◆ Assignment ◆
Scan the data beneath this task and copy each line that includes "binary".

(Records from a collection)
lemma all_less_3: "(\<forall>i<3. P i) \<longleftrightarrow> P (0::nat) \<and> P 1 \<and> P 2"
  by (auto simp: less_Suc_eq eval_nat_numeral)

lemma all_less_4: "(\<forall>i<4. P i) \<longleftrightarrow> P (0::nat) \<and> P 1 \<and> P 2 \<and> P 3"
  by (auto simp: less_Suc_eq eval_nat_numeral)

lemma contains_pattern_length_3:
  assumes "length \<pi> = 3"
  shows "contains_pattern P \<pi> \<longleftrightarrow> (\<exists>a b c. strict_ancestor P a b \<and> strict_ancestor P b c \<and>
    (\<forall>i<3. \<forall>j<3. [a,b,c] ! i < [a,b,c] ! j \<longleftrightarrow> \<pi> ! i < \<pi> ! j))"
proof
  assume "contains_pattern P \<pi>"
  then obtain vs where vs: "length vs = 3"
    "\<forall>i. Suc i < length vs \<longrightarrow> strict_ancestor P (vs ! i) (vs ! Suc i)"
    "\<forall>i<length vs. \<forall>j<length vs. vs ! i < vs ! j \<longleftrightarrow> \<pi> ! i < \<pi> ! j"
    using assms unfolding contains_pattern_def by auto
  moreover have "vs = [vs!0, vs!1, vs!2]"
    using vs(1) by (simp add: list_eq_iff_nth_eq all_less_3)
  ultimately show "\<exists>a b c. strict_ancestor P a b \<and> strict_ancestor P b c \<and>
    (\<forall>i<3. \<forall>j<3. [a,b,c] ! i < [a,b,c] ! j \<longleftrightarrow> \<pi> ! i < \<pi> ! j)"
    by (intro exI[of _ "vs!0"] exI[of _ "vs!1"] exI[of _ "vs!2"]) (auto simp: numeral_eq_Suc)
next
  assume "\<exists>a b c. strict_ancestor P a b \<and> strict_ancestor P b c \<and>
    (\<forall>i<3. \<forall>j<3. [a,b,c] ! i < [a,b,c] ! j \<longleftrightarrow> \<pi> ! i < \<pi> ! j)"
  then obtain a b c where chain: "strict_ancestor P a b" "strict_ancestor P b c"
    and order: "\<forall>i<3. \<forall>j<3. [a,b,c] ! i < [a,b,c] ! j \<longleftrightarrow> \<pi> ! i < \<pi> ! j"
    by blast
  then show "contains_pattern P \<pi>"
    unfolding contains_pattern_def using assms chain order
    by (intro exI[of _ "[a,b,c]"] conjI) (auto simp: less_Suc_eq numeral_eq_Suc)
qed
lemma (in prob_space) measure_sample_rate_deviation_le:
  assumes binary: "AE x in M. \<forall>l\<in>{1..L}. beta l x \<in> {0, 1}" and "K \<ge> 1"
    and meas: "(\<lambda>x. \<Sum>k=1..K. rate_deviation b L P (\<lambda>l. beta l x) (\<lambda>l. theta l x) (\<lambda>l. phi l k x))
      \<in> borel_measurable M"
  shows "measure M {x \<in> space M.
            \<bar>(1 / real K) * (\<Sum>k=1..K. log b (1 + ((cmod (h1 L beta theta phi k x))\<^sup>2
                                            + (cmod (h2 L beta theta phi k x))\<^sup>2) * P))
             - Rbar b L P (nat \<lfloor>\<Sum>l=1..L div 2. beta l x\<rfloor>)
                          (nat \<lfloor>\<Sum>l=L div 2 + 1..L. beta l x\<rfloor>)\<bar> \<ge> \<epsilon>}
    \<le> prob {x \<in> space M.
        \<epsilon> \<le> \<bar>(\<Sum>k=1..K. rate_deviation b L P (\<lambda>l. beta l x) (\<lambda>l. theta l x) (\<lambda>l. phi l k x)) / real K\<bar>}"
    (is "measure M ?E \<le> prob ?B")
proof (rule finite_measure_mono_AE)
  show "AE x in M. x \<in> ?E \<longrightarrow> x \<in> ?B"
    using binary
  proof eventually_elim
    case (elim x)
    then have "\<And>l. l \<in> {1..L} \<Longrightarrow> beta l x \<in> {0, 1}"
      by blast
    from sample_rate_eq_mean_rate_deviation[where beta = beta and x = x, OF this \<open>K \<ge> 1\<close>]
    show ?case
      by simp
  qed
  show "?B \<in> events"
    using meas by measurable
qed
(* Let $\mathbf{P}=(p_{i,j})_{i,j=0}^{d}$ be the transition matrix of an ergodic discrete-time Markov chain on $\{0,\dots,d\}$ with stationary distribution $\boldsymbol{\pi}$, let $Y_1,\dots,Y_{W+1}$ be the chain started with $Y_1\sim\boldsymbol{\pi}$, and let $N_{i,j}=\sum_{t=1}^{W}\mathbf{1}_{\{Y_t=i,Y_{t+1}=j\}}$. For $n\ge 0$ let $\epsilon_{j,i}^{(n)}=[\mathbf{P}^{n}]_{j,i}-\pi_i$. Then for every state $i$ and states $j\neq j'$, $$\mathrm{Cov}[N_{i,j},N_{i,j'}]=\pi_i p_{i,j}p_{i,j'}\left(-W\pi_i+\sum_{t'=1}^{W-1}(W-t')\left(\epsilon_{j,i}^{(t'-1)}+\epsilon_{j',i}^{(t'-1)}\right)\right).$$
   Context: $\mathbf{P}^{0}$ is the identity matrix; $\mathbf{1}_{\{\cdot\}}$ is the indicator function. *)

theory Defs
  imports Complex_Main "HOL-Library.FuncSet"
begin

text \<open>Finite Markov chains on the state space {0..d}. Matrices are functions
  nat => nat => real, only entries with indices in {0..d} are relevant.\<close>

fun mpow :: "nat \<Rightarrow> (nat \<Rightarrow> nat \<Rightarrow> real) \<Rightarrow> nat \<Rightarrow> nat \<Rightarrow> nat \<Rightarrow> real" where
  "mpow d P 0 = (\<lambda>i j. if i = j then 1 else 0)"
| "mpow d P (Suc n) = (\<lambda>i j. \<Sum>k\<le>d. mpow d P n i k * P k j)"

definition stochastic :: "nat \<Rightarrow> (nat \<Rightarrow> nat \<Rightarrow> real) \<Rightarrow> bool" where
  "stochastic d P \<longleftrightarrow> (\<forall>i\<le>d. \<forall>j\<le>d. 0 \<le> P i j) \<and> (\<forall>i\<le>d. (\<Sum>j\<le>d. P i j) = 1)"
definition predict :: "nat \<Rightarrow> (nat \<Rightarrow> real) \<Rightarrow> nat pmf" where
  "predict k p =
     (if \<exists>j\<in>labels k. wrong_increment k (p j) \<le> 0
      then return_pmf (LEAST j. j \<in> labels k \<and> wrong_increment k (p j) \<le> 0)
      else normalized_pmf [1..<Suc k]
        (\<lambda>j. 1 / (wrong_increment k (p j) - right_increment k (p j))))"

lemma increment_gap_pos:
  assumes "k \<ge> 2" "0 \<le> p" "p \<le> 1" "0 < wrong_increment k p"
  shows "0 < wrong_increment k p - right_increment k p"
  using right_increment_nonpos[of k p] assms by simp

lemma predict_cases:
  obtains (safe) j
    where "j \<in> labels k" "wrong_increment k (p j) \<le> 0" "predict k p = return_pmf j"
  | (random) "\<forall>j\<in>labels k. 0 < wrong_increment k (p j)"
      "predict k p = normalized_pmf [1..<Suc k]
         (\<lambda>j. 1 / (wrong_increment k (p j) - right_increment k (p j)))"
proof (cases "\<exists>j\<in>labels k. wrong_increment k (p j) \<le> 0")
  case True
  let ?safe = "\<lambda>j. j \<in> labels k \<and> wrong_increment k (p j) \<le> 0"
  have "?safe (Least ?safe)"
    using True by (metis (mono_tags, lifting) LeastI)
  then show ?thesis
    using True by (intro safe) (auto simp: predict_def)
next
  case False
  then show ?thesis
    by (intro random) (auto simp: predict_def)
qed

lemma set_pmf_predict:
  assumes k: "k \<ge> 2" and p: "\<And>j. j \<in> labels k \<Longrightarrow> 0 \<le> p j \<and> p j \<le> 1"
  shows "set_pmf (predict k p) \<subseteq> labels k"
proof (cases rule: predict_cases[of k p])
  case random
  have "\<forall>j\<in>set [1..<Suc k]. 0 < 1 / (wrong_increment k (p j) - right_increment k (p j))"
    using random(1) increment_gap_pos[OF k] p unfolding labels_eq_set_upt[symmetric] by simp
  then show ?thesis
    unfolding random(2) labels_eq_set_upt using k by (intro set_pmf_normalized_pmf) auto
qed simp

lemma expectation_predict_nonpos:
  assumes k: "k \<ge> 2" and p: "\<And>j. j \<in> labels k \<Longrightarrow> 0 \<le> p j \<and> p j \<le> 1"
    and y: "y \<in> labels k"
    and g: "\<And>j. j \<in> labels k \<Longrightarrow>
      g j \<le> (if j = y then right_increment k (p j) else wrong_increment k (p j))"
  shows "measure_pmf.expectation (predict k p) g \<le> 0"
proof (cases rule: predict_cases[of k p])
  case (safe j)
  then show ?thesis
    using g[OF safe(1)] right_increment_nonpos[OF k, of "p j"] p[OF safe(1)] safe(2,3)
    by (auto split: if_splits)
next
  case random
  let ?d = "\<lambda>j. wrong_increment k (p j) - right_increment k (p j)"
  let ?bound = "\<lambda>j. if j = y then right_increment k (p j) else wrong_increment k (p j)"
  have d: "\<forall>j\<in>labels k. 0 < ?d j"
    using random(1) increment_gap_pos[OF k] p by simp
  have "(\<Sum>j\<in>labels k. 1 / ?d j * g j) \<le> (\<Sum>j\<in>labels k. ?bound j / ?d j)"
  proof (intro sum_mono)
    fix j assume j: "j \<in> labels k"
    show "1 / ?d j * g j \<le> ?bound j / ?d j"
      using divide_right_mono[OF g[OF j] less_imp_le[OF bspec[OF d j]]] by simp
  qed
  also have "\<dots> \<le> 0"
    using y random wrong_increment_gap[OF k] p
    by (intro inverse_gap_weighting) (simp_all add: labels_def)
  finally have "(\<Sum>j\<in>labels k. 1 / ?d j * g j) / (\<Sum>j\<in>labels k. 1 / ?d j) \<le> 0"
    using d by (simp add: divide_nonpos_nonneg sum_nonneg less_imp_le)
  moreover have "measure_pmf.expectation (predict k p) g
      = (\<Sum>j\<in>labels k. 1 / ?d j * g j) / (\<Sum>j\<in>labels k. 1 / ?d j)"
    unfolding random(2) labels_eq_set_upt using k d
    by (intro expectation_normalized_pmf) (auto simp: labels_eq_set_upt)
  ultimately show ?thesis
    by simp
qed

section \<open>The potential\<close>

text \<open>An observation (x, ok, yh) refutes expert e when e's label agrees with a prediction flagged
  wrong or disagrees with one flagged correct; under every labelling consistent with the
  history, each refutation is an error of e.\<close>

definition violations :: "obs list \<Rightarrow> expert \<Rightarrow> nat" where
  "violations H e = length (filter (\<lambda>(x, ok, yh). (x e = yh) \<noteq> ok) H)"

definition weight :: "nat \<Rightarrow> obs list \<Rightarrow> expert \<Rightarrow> real" where
  "weight k H e =
     (if violations H e \<le> budget e then real k ^ (2 * (budget e - violations H e)) else 0)"

definition potential :: "nat list \<Rightarrow> nat \<Rightarrow> obs list \<Rightarrow> real" where
  "potential m k H = (\<Sum>e\<in>experts m. weight k H e)"

definition label_weight :: "nat list \<Rightarrow> nat \<Rightarrow> obs list \<Rightarrow> inst \<Rightarrow> nat \<Rightarrow> real"
  where
  "label_weight m k H x j = (\<Sum>e\<in>experts m. if x e = j then weight k H e else 0)"

definition label_share :: "nat list \<Rightarrow> nat \<Rightarrow> obs list \<Rightarrow> inst \<Rightarrow> nat \<Rightarrow> real"
  where
  "label_share m k H x j = label_weight m k H x j / potential m k H"

lemma experts_Sigma: "experts m = (SIGMA i:{..<length m}. {..<m ! i})"
  unfolding experts_def by auto
(* Under the unregularized objective (the regularized minimax objective induced by $\mathfrak R(h,a,\delta)=\mathcal R(h,a)$), the PuB-AMG subgame perfect equilibrium is not in general continuous: there exists a finite-horizon two-player zero-sum sequential game such that no subgame perfect equilibrium of its PuB-AMG, viewed as a map from public belief states to public decision rules, is continuous.
   Context: A finite-horizon two-player zero-sum sequential game consists of: players $i\in\{0,1\}$; a finite action set $\mathbb{A}$; a set of histories $\mathbb{H}$, at each of which exactly one player $\iota$ acts; each history $h$ determines each player's action-observation history (AOH) $h_i$ (perfect recall) and a public history $h_{\text{pub}}$ (sequence of common-knowledge public observations); an initial history distribution $\mu$; a reward $\mathcal{R}:\mathbb{H}\times\mathbb{A}\to\mathbb{R}$ (player 0 gets $\mathcal R$, player 1 gets $-\mathcal R$); a transition function $\mathcal{T}:\mathbb{H}\times\mathbb{A}\to\Delta(\mathbb{H})$; a horizon $T$. $\mathbb{H}(h_{\text{pub}})$, $\mathbb{H}_i(h_{\text{pub}})$ denote histories/AOHs consistent with $h_{\text{pub}}$; $h_\iota$ is the acting player's AOH at $h$. The PuB-AMG of the game: states (public belief states, PBSs) are $\tilde s\in\Delta(\mathbb{H}(h_{\text{pub}}))$ for public histories $h_{\text{pub}}$; at $\tilde s$ the acting player chooses a public decision rule $\tilde a:\mathbb{H}_\iota(h_{\text{pub}})\to\Delta(\mathbb{A})$; the next PBS arises by sampling $H\sim\tilde s$, $A\sim\tilde a(H_\iota)$, a next history from $\mathcal T(H,A)$, observing its public observation $o$, and taking the posterior over next histories given $\tilde s,\tilde a,o$. Under the unregularized objective the stage reward is $\tilde{\mathcal R}(\tilde s,\tilde a)=\mathbb{E}_{H\sim\tilde s}\mathbb{E}_{A\sim\tilde a(H_\iota)}\mathcal R(H,A)$; player 0 maximizes and player 1 minimizes the expected sum of stage rewards. A PuB-AMG policy maps PBSs to decision rules, and a subgame perfect equilibrium is a joint PuB-AMG policy whose restriction to the PuB-AMG started from any PBS is an equilibrium (saddle point) there. *)

theory Defs
  imports "HOL-Probability.Probability" "HOL-Analysis.Analysis"
begin
lemma G_diag_in_G_nk: "G_diag w n k i j \<in> G_nk n k w"
proof -
  let ?G = "G_nk n k w"
  have mult: "m2_mult g h \<in> ?G" if "g \<in> ?G" "h \<in> ?G" for g h
    using that unfolding G_nk_def by (rule gen_group.mult)
  have inv: "m2_inv g \<in> ?G" if "g \<in> ?G" for g
    using that unfolding G_nk_def by (rule gen_group.inv)
  have D: "G_diag w n k 1 0 \<in> ?G" and A: "G_antidiag w n k 0 0 \<in> ?G"
    unfolding G_nk_eq_gen_group by (auto intro: gen_group.gen)
  have D': "G_diag w n k 0 1 \<in> ?G"
    using mult[OF A A] by (simp add: G_antidiag_mult_G_antidiag)
  have "G_diag w n k 0 0 \<in> ?G"
    unfolding G_diag_zero G_nk_def by (rule gen_group.one)
  then have "G_diag w n k i 0 \<in> ?G"
  proof (induction i rule: int_induct[where k = 0])
    case (step1 i)
    then show ?case using mult[OF step1(2) D] by (simp add: G_diag_mult_G_diag)
  next
    case (step2 i)
    then show ?case using mult[OF step2(2) inv[OF D]] by (simp add: G_diag_mult_G_diag m2_inv_G_diag)
  qed
  then show ?thesis
  proof (induction j rule: int_induct[where k = 0])
    case (step1 j)
    then show ?case using mult[OF step1(2) D'] by (simp add: G_diag_mult_G_diag)
  next
    case (step2 j)
    then show ?case using mult[OF step2(2) inv[OF D']] by (simp add: G_diag_mult_G_diag m2_inv_G_diag)
  qed
qed

lemma G_antidiag_in_G_nk: "G_antidiag w n k i j \<in> G_nk n k w"
proof -
  have "G_antidiag w n k 0 0 \<in> G_nk n k w"
    unfolding G_nk_eq_gen_group by (auto intro: gen_group.gen)
  then have "m2_mult (G_diag w n k i j) (G_antidiag w n k 0 0) \<in> G_nk n k w"
    using G_diag_in_G_nk unfolding G_nk_def by (rule gen_group.mult[rotated])
  then show ?thesis by (simp add: G_diag_mult_G_antidiag)
qed

lemma G_nk_elements:
  "g \<in> G_nk n k w \<longleftrightarrow> (\<exists>i j. g = G_diag w n k i j \<or> g = G_antidiag w n k i j)"
proof
  assume "g \<in> G_nk n k w"
  then show "\<exists>i j. g = G_diag w n k i j \<or> g = G_antidiag w n k i j"
    unfolding G_nk_eq_gen_group
  proof (induction rule: gen_group.induct)
    case one
    then show ?case by (metis G_diag_zero)
  next
    case (mult g h)
    then show ?case
      by (metis G_diag_mult_G_diag G_diag_mult_G_antidiag G_antidiag_mult_G_diag G_antidiag_mult_G_antidiag)
  next
    case (inv g)
    then show ?case by (metis m2_inv_G_diag m2_inv_G_antidiag)
  qed blast
qed (auto intro: G_diag_in_G_nk G_antidiag_in_G_nk)

end

lemma primitive_root_nonzero: "primitive_root N w \<Longrightarrow> 0 < N \<Longrightarrow> w \<noteq> 0"
  unfolding primitive_root_def by (metis power_0_left less_not_refl zero_neq_one)

lemma primitive_root_power_int_eq_1_iff:
  fixes w :: "'a::field"
  assumes prim: "primitive_root N w" and "0 < N"
  shows "w powi z = 1 \<longleftrightarrow> int N dvd z"
proof -
  have w: "w \<noteq> 0" using primitive_root_nonzero[OF assms] .
  define r where "r = nat (z mod int N)"
  have r: "z mod int N = int r" "r < N"
    unfolding r_def using \<open>0 < N\<close> by (auto simp: nat_less_iff)
  have "w powi (int N * (z div int N)) = 1"
    using prim by (simp add: power_int_mult primitive_root_def)
  then have "w powi (int N * (z div int N) + z mod int N) = w ^ r"
    using power_int_add[of w "int N * (z div int N)" "z mod int N"] w r by simp
  then have "w powi z = w ^ r" by simp
  also have "\<dots> = 1 \<longleftrightarrow> r = 0"
    using prim r(2) unfolding primitive_root_def by (metis bot_nat_0.not_eq_extremum power_0)
  also have "\<dots> \<longleftrightarrow> int N dvd z"
    using r by (simp add: dvd_eq_mod_eq_0)
  finally show ?thesis .
qed

lemma primitive_root_power_int_eq_minus_1_iff:
  fixes w :: "'a::field"
  assumes prim: "primitive_root (2 * M) w" and "0 < M"
  shows "w powi z = -1 \<longleftrightarrow> int (2 * M) dvd z + int M"
proof -
  have w: "w \<noteq> 0" using primitive_root_nonzero[OF prim] \<open>0 < M\<close> by simp
  have "w ^ M * w ^ M = 1"
    using prim by (simp add: primitive_root_def flip: power_add mult_2)
  moreover have "w ^ M \<noteq> 1"
    using prim \<open>0 < M\<close> unfolding primitive_root_def by simp
  ultimately have half: "w ^ M = -1"
    by (simp add: square_eq_1_iff)
  have "w powi (z + int M) = - (w powi z)"
    using power_int_add[of w z "int M"] w half by simp
  then have "w powi z = -1 \<longleftrightarrow> w powi (z + int M) = 1"
    by (metis minus_minus)
  also have "\<dots> \<longleftrightarrow> int (2 * M) dvd z + int M"
    using primitive_root_power_int_eq_1_iff[OF prim] \<open>0 < M\<close> by simp
  finally show ?thesis .
qed

section \<open>Arithmetic of the exponents\<close>

lemma dvd_sum_imp_dvd_double:
  fixes n k i j :: int
  assumes gcd: "gcd n k dvd 2" and dvd: "n * k dvd k * i + n * j"
  shows "n * k dvd 2 * (k * i)"
proof -
  have "n dvd k * i + n * j" using dvd by (rule dvd_mult_left)
  then have "n dvd k * i" by (simp add: dvd_add_left_iff)
  then have "n dvd gcd (i * n) (i * k)" by (simp add: mult.commute)
  also have "\<dots> = \<bar>i\<bar> * gcd n k" by (simp add: gcd_mult_distrib_int)
  also have "\<dots> dvd \<bar>i\<bar> * 2" using gcd by (rule mult_dvd_mono[OF dvd_refl])
  also have "\<dots> = \<bar>2 * i\<bar>" by (simp add: abs_mult)
  finally have "n dvd 2 * i" by simp
  then show ?thesis by (metis mult.assoc mult.commute mult_dvd_mono dvd_refl)
qed

lemma dvd_sum_iff_dvd_diff:
  fixes n k i j :: int
  assumes "gcd n k dvd 2"
  shows "n * k dvd k * i + n * j \<longleftrightarrow> n * k dvd n * j - k * i"
proof
  assume sum: "n * k dvd k * i + n * j"
  have "n * k dvd (k * i + n * j) - 2 * (k * i)"
    using sum dvd_sum_imp_dvd_double[OF assms sum] by (rule dvd_diff)
  then show "n * k dvd n * j - k * i" by (simp add: algebra_simps)
next
  assume "n * k dvd n * j - k * i"
  then have diff: "n * k dvd k * (- i) + n * j" by (simp add: algebra_simps)
  have "n * k dvd (k * (- i) + n * j) - 2 * (k * (- i))"
    using diff dvd_sum_imp_dvd_double[OF assms diff] by (rule dvd_diff)
  then show "n * k dvd k * i + n * j" by (simp add: algebra_simps)
qed

lemma ex_dvd_sum_not_dvd_diff_iff:
  fixes n k :: int
  assumes "0 < n" "0 < k"
  shows "(\<exists>i j. \<not> (n * k dvd k * i + n * j \<longleftrightarrow> n * k dvd n * j - k * i)) \<longleftrightarrow> 2 < gcd n k"
proof
  assume "\<exists>i j. \<not> (n * k dvd k * i + n * j \<longleftrightarrow> n * k dvd n * j - k * i)"
  then have not_dvd: "\<not> gcd n k dvd 2" using dvd_sum_iff_dvd_diff by blast
  show "2 < gcd n k"
  proof (rule ccontr)
    assume "\<not> 2 < gcd n k"
    moreover have "0 < gcd n k" using assms by simp
    ultimately have "gcd n k = 1 \<or> gcd n k = 2" by linarith
    then show False using not_dvd by auto
  qed
next
  define g where "g = gcd n k"
  assume "2 < gcd n k"
  then have "2 < g" by (simp add: g_def)
  obtain a b where n: "n = g * a" and k: "k = g * b"
    unfolding g_def by (meson gcd_dvd1 gcd_dvd2 dvdE)
  have "0 < a" "0 < b" using assms \<open>2 < g\<close> n k by (auto simp: zero_less_mult_iff)
  then have "0 < 2 * (g * a * b)" and "2 * (g * a * b) < n * k"
    using \<open>2 < g\<close> unfolding n k by (simp_all add: algebra_simps)
  then have "\<not> n * k dvd 2 * (g * a * b)" by (auto dest: zdvd_imp_le)
  then have "\<not> n * k dvd n * (- b) - k * a"
    unfolding n k by (simp add: algebra_simps)
  moreover have "k * a + n * (- b) = 0" unfolding n k by simp
  ultimately show "\<exists>i j. \<not> (n * k dvd k * i + n * j \<longleftrightarrow> n * k dvd n * j - k * i)"
    by (metis dvd_0_right)
qed

lemma ex_dvd_four_add_two_iff:
  fixes k :: int
  shows "(\<exists>j. 2 * k dvd 4 * j + 2 + k) \<longleftrightarrow> k mod 4 = 2"
proof
  assume "\<exists>j. 2 * k dvd 4 * j + 2 + k"
  then obtain j where dvd: "2 * k dvd 4 * j + 2 + k" ..
  then have "2 dvd 4 * j + 2 + k" by (rule dvd_mult_left)
  then have "even k" by presburger
  then obtain m where k: "k = 2 * m" by (rule evenE)
  have "2 * (2 * m) dvd 2 * (2 * j + 1 + m)" using dvd unfolding k by (simp add: algebra_simps)
  then have "2 * m dvd 2 * j + 1 + m" by (simp only: dvd_mult_cancel_left) simp
  then have "2 dvd 2 * j + 1 + m" by (rule dvd_trans[OF dvd_triv_left])
  then have "odd m" by presburger
  then show "k mod 4 = 2" unfolding k by presburger
next
  assume "k mod 4 = 2"
  then have "4 * (k div 4) + 2 + k = 2 * k" by presburger
  then show "\<exists>j. 2 * k dvd 4 * j + 2 + k" by (metis dvd_refl)
qed

lemma quasi_reflection_G_diag_iff:
  fixes w :: "'a::field"
  assumes prim: "primitive_root (2 * n * k) w" and "0 < n" "0 < k"
  shows "quasi_reflection (G_diag w n k i j) \<longleftrightarrow>
    \<not> (int n * int k dvd int k * i + int n * j \<longleftrightarrow> int n * int k dvd int n * j - int k * i)"
proof -
  have "w powi (2 * x) = 1 \<longleftrightarrow> int n * int k dvd x" for x
    using primitive_root_power_int_eq_1_iff[OF prim, of "2 * x"] assms by (simp add: mult.assoc)
  then show ?thesis
    unfolding G_diag_def quasi_reflection_diag_iff by blast
qed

◆ Task result ◆
  assumes binary: "AE x in M. \<forall>l\<in>{1..L}. beta l x \<in> {0, 1}" and "K \<ge> 1"
    using binary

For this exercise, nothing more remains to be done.